Author: Kayla Keyue Chen
Last updated: 2024.4.28
Sampling Distribution of the Mean
The sampling distribution of a statistic is the distribution of that
statistic when derived from a random sample of size n.
It may be considered as the distribution of the statistic for all
possible samples from the same population of a given sample
size.
In many contexts, only one sample is observed, but the sampling
distribution can be found theoretically.
Let’s see some simulations to understand the concept.

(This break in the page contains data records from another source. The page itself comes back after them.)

lemma cross_halves_abs_le:
  "\<bar>int (a div 2) - int ((b + 1) div 2)\<bar> + \<bar>int ((a + 1) div 2) - int (b div 2)\<bar> + int ((a + b) mod 2)
     \<le> \<bar>int a - int b\<bar> + int (a mod 2) + int (b mod 2)"
  by (cases "even a"; cases "even b") (auto elim!: evenE oddE simp: abs_if)

lemma Suc_div_2: "(n + 1) div 2 = n div 2 + n mod (2::nat)"
  by presburger

lemma colless_sum_add_le:
  "int (colless_sum (a + b)) \<le> int (colless_sum a) + int (colless_sum b) + \<bar>int a - int b\<bar>"
proof (induction "a + b" arbitrary: a b rule: less_induct)
  case less
  consider "a = 0 \<or> b = 0" | "a = 1" "b \<ge> 1" | "b = 1" "a \<ge> 1" | "a \<ge> 2" "b \<ge> 2"
    by linarith
  then show ?case
  proof cases
    case 1
    then show ?thesis by (auto simp: colless_sum_eq_0)
  next
    case 2
    then show ?thesis using colless_sum_Suc_le[of b] by (simp add: colless_sum_eq_0)
  next
    case 3
    then show ?thesis using colless_sum_Suc_le[of a] by (simp add: colless_sum_eq_0)
  next
    case 4
    define u where "u = a div 2 + (b + 1) div 2"
    define v where "v = (a + 1) div 2 + b div 2"
    have "a div 2 \<ge> 1" "b div 2 \<ge> 1" "a mod 2 \<le> 1" "b mod 2 \<le> 1"
      using 4 by auto
    moreover have "2 * (a div 2) + a mod 2 = a" "2 * (b div 2) + b mod 2 = b"
      by simp_all
    ultimately have "u + v = a + b" "u \<ge> 1" "v \<ge> 1" "u \<le> v + 1" "v \<le> u + 1"
      unfolding u_def v_def Suc_div_2 by linarith+
    then have "colless_sum (a + b) = colless_sum u + colless_sum v + (a + b) mod 2"
      using colless_sum_add_near[of u v] by simp
    moreover have "int (colless_sum u) \<le> int (colless_sum (a div 2)) + int (colless_sum ((b + 1) div 2))
        + \<bar>int (a div 2) - int ((b + 1) div 2)\<bar>"
      using less[of "a div 2" "(b + 1) div 2"] \<open>u + v = a + b\<close> \<open>v \<ge> 1\<close> by (simp add: u_def)
    moreover have "int (colless_sum v) \<le> int (colless_sum ((a + 1) div 2)) + int (colless_sum (b div 2))
        + \<bar>int ((a + 1) div 2) - int (b div 2)\<bar>"
      using less[of "(a + 1) div 2" "b div 2"] \<open>u + v = a + b\<close> \<open>u \<ge> 1\<close> by (simp add: v_def)
    moreover have "colless_sum a = colless_sum (a div 2) + colless_sum ((a + 1) div 2) + a mod 2"
      "colless_sum b = colless_sum (b div 2) + colless_sum ((b + 1) div 2) + b mod 2"
      using colless_sum_halves 4 by simp_all
    ultimately show ?thesis
      using cross_halves_abs_le[of a b] by linarith
  qed
qed

lemma colless_sum_le_colless: "colless_sum (leaves t) \<le> colless t"
proof (induction t)
  case Leaf
  then show ?case by (simp add: colless_sum_eq_0)
next
  case (Node l r)
  then show ?case
    using colless_sum_add_le[of "leaves l" "leaves r"] by simp
qed

fun balanced_tree :: "nat \<Rightarrow> bintree" where
  "balanced_tree n =
     (if n \<le> 1 then Leaf else Node (balanced_tree (n div 2)) (balanced_tree ((n + 1) div 2)))"

declare balanced_tree.simps [simp del]

lemma leaves_balanced_tree: "n \<ge> 1 \<Longrightarrow> leaves (balanced_tree n) = n"
  by (induction n rule: balanced_tree.induct) (subst balanced_tree.simps, auto)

We assume that IQ scores are normally distributed. Suppose it is true
that the population have mean of 100 and SD of 15 (note: we wouldn’t
know this, if it’s real-world research … we just assume this for our
simulation here).
- Now, we recruit 100 participants and assess their IQ.
# assess 100 participants and record their IQ scores
IQ1 <- rnorm(100, mean = 100, sd = 15)
# see the first 10 values
IQ1[1:10]
[1] 119.99916 85.70619 88.90712 59.95192 76.12173 106.15860 104.91585
[8] 82.89396 117.54255 93.64971
# get the mean of the sample
(mean1 <- mean(IQ1))
[1] 98.55371
- This is only one sample. Let’s have another four samples
# assess another 4 groups of 100 participants and record their IQ scores
IQ2 <- rnorm(100, mean = 100, sd = 15)
IQ3 <- rnorm(100, mean = 100, sd = 15)
IQ4 <- rnorm(100, mean = 100, sd = 15)
IQ5 <- rnorm(100, mean = 100, sd = 15)
# get the mean of the sample
mean2 <- mean(IQ2)
mean3 <- mean(IQ3)
mean4 <- mean(IQ4)
mean5 <- mean(IQ5)
# save all means into a vector
means <- c(mean1, mean2, mean3, mean4, mean5)
# calculate the mean of the sample means
mean(means) # which is quite close to 100!
[1] 99.77822
- Let’s create a function so that we don’t need to do it by hand each
time!
- n_exp = number of experiments
- sample_size = the sample size of each experiment
- mean and sd are the mean (100) and sd (15) of the population we
assumed
# define a function called do_experiment
# it's like we are recruiting participants from the population, and for each experiment, we record the mean of IQ of the group of participants.
do_experiment <- function(n_exp, sample_size, mean, sd){
mean_list <- c()
for (n in 1:n_exp){
one_mean <- mean(rnorm(sample_size, mean, sd))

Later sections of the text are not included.